The African Union has recently been finding itself in the news. First there was the launching of the Single African Air Transport Market (SAATM), which would in time see the signatory countries reaping billions more into their growth domestic products (GDPs).
Then there is the recent agreement that Ethiopia and 44 of the 55 African countries signed. It is the Continental Free Trade Area – the largest trading bloc of its kind in the world only after the World Trade Organisation (WTO). With such strides being made, it is time that we begin to see the organization more than the rubber stamp it has for long appeared to be.
The African Union was born as a pan-African organization whose goal is to propel a united continent towards peace and prosperity. It supports political and economic integration among its member nations. It aims to boost development, eradicate poverty and bring Africa into the global economy.
It was in the early 2000s that it succeeded to the Organization of African Unity (OAU). In its later years, the OAU – which originated in the decolonization struggles of the early 1960s – had been criticized for becoming a mere talking shop. Thus the AU has emphasized the promotion of unity among African nations, democracy and good governance. Its peacekeepers have intervened in conflicts, including in Burundi, Sudan and Somalia.
Conceived by the then Libyan leader Muammar Gaddafi as a “United States of Africa”, its structure is somewhat modelled on that of the European Union (EU). The AU inaugurated a pan-African parliament in March 2004 – one of a number of proposed institutions. The body debates continent-wide issues and advises AU heads of state.
There are also far-reaching plans to set up a human rights court, a central bank and monetary fund, and by 2023 an African Economic Community with a single currency. The New Partnership for Africa’s Development (NePAD), an anti-poverty, economic development program that the AU oversees.
The AU has indeed championed many economic, social, political, environmental and security successes. And it has forged a united front for African countries once divided by domestic and international challenges. But it has not been without its challenges.
It has many obstacles that it needs to overcome to become a self-dependent continental organization. For its members are poor, dependence from the United States, China, the European Union and the United Kingdom can be very difficult. Even its headquarters in Addis Abeba, built at the cost of 200 million dollars, is financed by the Chinese.
There are ways to gradually create a means of self-dependency though. The AU needs to create strong institutions in its member countries, such as international standard banks, business corporations, hotels, factories and academic institutions, just to mention a few.
Besides the efforts to become financially independent, the AU faces massive problems in the near and far future. There is Africa’s exploding population, the lack of freedom of expression, bad governance, shortage of skilled force and illicit financial flows.
Perhaps the most pressing of these issues is the population growth rate of Africa. The United Nation predicts that half of the forecasted growth in the world between 2017 and 2050 will likely occur in Africa.
There will be 300 million Nigerians, 214 million citizens of the Democratic Republic of Congo, over a 168 million Ethiopians, close to 135 million Tanzanians and 102 million Ugandans by 2050. Such population growth spurts will exasperate resources and hamper economic growth, especially as they will be coupled with global warming that is giving way to rising sea levels and the expansion of the Sahara desert.
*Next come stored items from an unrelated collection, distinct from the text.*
lemma trans_eigenvalue_rotation_imaginary:
  fixes A :: "real^6 \<Rightarrow> real^6" and \<pi> :: "real^6 \<Rightarrow> real^3"
  assumes "linear \<pi>"
    and V_kernel: "\<And>v. v \<in> V \<Longrightarrow> \<pi> v = 0"
    and W_kernel: "\<And>w. w \<in> W \<Longrightarrow> \<pi> w = 0 \<Longrightarrow> w \<in> V"
    and rotation: "\<And>w. \<pi> (A w) = \<omega> \<times> \<pi> w"
    and axis_perp: "\<And>w. w \<in> W \<Longrightarrow> \<omega> \<bullet> \<pi> w = 0"
    and "\<omega> \<noteq> 0"
    and "trans_eigenvalue A W V \<mu>"
  shows "Re \<mu> = 0 \<and> Im \<mu> \<noteq> 0"
proof -
  obtain x y where "x \<in> W" "y \<in> W" "x \<notin> V \<or> y \<notin> V"
    and x_eig: "A x - (Re \<mu> *\<^sub>R x - Im \<mu> *\<^sub>R y) \<in> V"
    and y_eig: "A y - (Im \<mu> *\<^sub>R x + Re \<mu> *\<^sub>R y) \<in> V"
    using assms(7) unfolding trans_eigenvalue_def by blast
  define p q where "p = \<pi> x" and "q = \<pi> y"
  have nonzero: "p \<noteq> 0 \<or> q \<noteq> 0"
    using W_kernel \<open>x \<in> W\<close> \<open>y \<in> W\<close> \<open>x \<notin> V \<or> y \<notin> V\<close> by (auto simp: p_def q_def)
  have rot_p: "\<omega> \<times> p = Re \<mu> *\<^sub>R p - Im \<mu> *\<^sub>R q"
    using V_kernel [OF x_eig] rotation [of x]
    by (simp add: p_def q_def linear_diff [OF \<open>linear \<pi>\<close>] linear_scale [OF \<open>linear \<pi>\<close>])
  have rot_q: "\<omega> \<times> q = Im \<mu> *\<^sub>R p + Re \<mu> *\<^sub>R q"
    using V_kernel [OF y_eig] rotation [of y]
    by (simp add: p_def q_def linear_diff [OF \<open>linear \<pi>\<close>] linear_add [OF \<open>linear \<pi>\<close>]
        linear_scale [OF \<open>linear \<pi>\<close>])
  \<comment> \<open>\<omega> \<times> _ is skew-adjoint, so pairing the eigen-equations with p and q leaves only Re \<mu>\<close>
  have "p \<bullet> (\<omega> \<times> p) + q \<bullet> (\<omega> \<times> q) = 0"
    by (simp add: dot_cross_self)
  then have "Re \<mu> * (p \<bullet> p + q \<bullet> q) = 0"
    unfolding rot_p rot_q by (simp add: inner_diff_right inner_add_right inner_commute algebra_simps)
  moreover have "p \<bullet> p + q \<bullet> q \<noteq> 0"
    using nonzero by (simp add: add_nonneg_eq_0_iff)
  ultimately have re: "Re \<mu> = 0"
    by simp
  have "Im \<mu> \<noteq> 0"
  proof
    assume "Im \<mu> = 0"
    then have "\<omega> \<times> p = 0" "\<omega> \<times> q = 0"
      using rot_p rot_q re by simp_all
    moreover have "\<omega> \<bullet> p = 0" "\<omega> \<bullet> q = 0"
      using axis_perp \<open>x \<in> W\<close> \<open>y \<in> W\<close> by (simp_all add: p_def q_def)
    ultimately have "p = 0" "q = 0"
      using norm_and_cross_eq_0 \<open>\<omega> \<noteq> 0\<close> by blast+
    then show False
      using nonzero by simp
  qed
  with re show ?thesis ..
qed
text \<open>In the first two cases the run of period \<open>d'\<close> at \<open>k\<close> (or its translate by \<open>-n\<close>)
  overlaps the run of period \<open>d\<close> at \<open>0\<close> in at least \<open>d + d' - 1\<close> positions; in the others a
  short chain of period steps crosses an end of the run at \<open>0\<close>.\<close>

lemma long_run_offset_cases:
  fixes n d d' T k :: int
  assumes "3 \<le> n" "1 \<le> d" "d < d'" "2 * d' \<le> n" "3 * n \<le> 4 * T + 7" "T < n" "0 < k" "k < n"
  obtains (overlap_right) "d' - 1 \<le> T - k" | (overlap_left) "d - 1 \<le> k - n + T"
    | (right) "d < k" "k \<le> T" "n \<le> T + d'"
    | (left) "k + d' < n" "n \<le> T + d'" "n + d \<le> T + d' + k"
    | (middle) "n = 3 * d + d'" "2 * d \<le> T" "k < 3 * d" "3 * d \<le> k + T"
  using assms by smt

lemma no_shifted_maximal_run_longer_period:
  assumes per: "\<forall>i. x (i + n) = x i"
    and "3 \<le> n" "1 \<le> d" "d < d'" "2 * d' \<le> n" "3 * n \<le> 4 * T + 7" "0 < k" "k < n"
    and P: "maximal_run x d 0 T" and Q: "maximal_run x d' k T"
  shows False
proof -
  have Pper: "period_on x d 0 (T + d)" and Pleft: "x (-1) \<noteq> x (d - 1)"
    and Pright: "x T \<noteq> x (T + d)"
    using P by (simp_all add: maximal_run_def)
  have Qper: "period_on x d' k (k + T + d')" using Q by (simp add: maximal_run_def)
  have "maximal_run x d (0 + 1 * n) T" "maximal_run x d (0 + (-1) * n) T"
    "maximal_run x d' (k + (-1) * n) T"
    using maximal_run_add_mult[OF per] P Q by blast+
  then have Pper_next: "period_on x d n (n + T + d)" and Pper_prev: "period_on x d (-n) (-n + T + d)"
    and Qper_prev: "period_on x d' (k - n) (k - n + T + d')"
    by (simp_all add: maximal_run_def)
  have "T < n"
  proof (rule ccontr)
    assume "\<not> T < n"
    then show False using period_onD[OF Pper_prev, of "-1"] Pleft \<open>3 \<le> n\<close> by simp
  qed
  have gcd_pos: "1 \<le> gcd d d'" using \<open>1 \<le> d\<close> by (simp add: int_one_le_iff_zero_less)
  show False
  proof (cases rule: long_run_offset_cases[OF assms(2-6) \<open>T < n\<close> assms(7,8),
      case_names overlap_right overlap_left right left middle])
    case overlap_right
    have "x (T + d - d) = x (T + d)"
    proof (rule fine_wilf_extend_right)
      show "period_on x d k (T + d)" using Pper by (rule period_on_mono) (use \<open>0 < k\<close> in simp_all)
      show "period_on x d' k (T + d + 1)" using Qper by (rule period_on_mono) (use assms(4,7) in simp_all)
    qed (use assms(3,4) overlap_right gcd_pos in simp_all)
    then show False using Pright by simp
  next
    case overlap_left
    have "x (0 - 1) = x (0 - 1 + d)"
    proof (rule fine_wilf_extend_left)
      show "period_on x d 0 (min (T + d) (k - n + T + d'))" using Pper by (rule period_on_mono) simp_all
      show "period_on x d' (0 - 1) (min (T + d) (k - n + T + d'))"
        using Qper_prev by (rule period_on_mono) (use \<open>k < n\<close> in simp_all)
    qed (use assms(2-6) overlap_left gcd_pos in simp_all)
    then show False using Pleft by simp
  next
    case right
    have "x T = x (T + d')" using period_onD[OF Qper, of T] right assms(3-8) by simp
    also have "\<dots> = x (T + d' + d)" using period_onD[OF Pper_next, of "T + d'"] right assms(3-8) by simp
    also have "\<dots> = x (T + d)"
      using period_onD[OF Qper, of "T + d"] right assms(3-8) by (simp add: algebra_simps)
    finally show False using Pright by simp
  next
    case left
    have "x (-1) = x (-1 - d')" using period_onD[OF Qper_prev, of "-1 - d'"] left assms(3-8) by simp
    also have "\<dots> = x (-1 - d' + d)" using period_onD[OF Pper_prev, of "-1 - d'"] left assms(3-8) by simp
    also have "\<dots> = x (-1 + d)"
      using period_onD[OF Qper_prev, of "-1 + d - d'"] left assms(3-8) by (simp add: algebra_simps)
    finally show False using Pleft by (simp add: algebra_simps)
  next
    case middle
    have "x (d - 1) = x (2 * d - 1)" using period_onD[OF Pper, of "d - 1"] middle assms(3-8) by simp
    also have "\<dots> = x (3 * d - 1)"
      using period_onD[OF Pper, of "2 * d - 1"] middle assms(3-8) by (simp add: algebra_simps)
    also have "\<dots> = x (3 * d - 1 + d')" using period_onD[OF Qper, of "3 * d - 1"] middle assms(3-8) by simp
    also have "\<dots> = x (-1)" using per[rule_format, of "-1"] middle assms(3-8) by (simp add: algebra_simps)
    finally show False using Pleft by simp
  qed
qed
All of this will be recipe for conflict, leading to a straining of relations between nations and thwarting of the vision of “union” that the AU has for long dreamed of.
The best means to address these massive challenges is to be proactive.
Population growth has no easy fix. But, there are strategies to control this booming population growth. Promoting better universal education, and universal family planning will be the right strategies. This can be coupled with providing tax, education and land benefits for fewer births, and developing long term strategies to control population.
Of course, the AU can only be empowered to take such crucial steps if it addresses the problems that have hampered its members for such a long time. The organization must be a staunch supporter of political rights. Even if such a move can get it in trouble with government officials, the governed would stand by the institution. There is a lot of lesson to be taken in the AU’s call for Yahya Jammeh, former president of Gambia, to resign after his defeat in an election last year.
The AU ought to also be a player in the sectoral developments of nations. It needs to take a closer look at the public health administration, finance, agriculture, environment, youth development, education, and gender affairs, just to mention a few.
This can be by forming a public service supervisory committee which comprises of experts from various academic and professional fields with the capability to supervise governmental organizations’ achievements and shortcomings. Based on their assessments, they should be able to recommend possible solutions for future corrections. Such follow up in the tools that most contribute to the development of human capital ought to be one of its ultimate duties.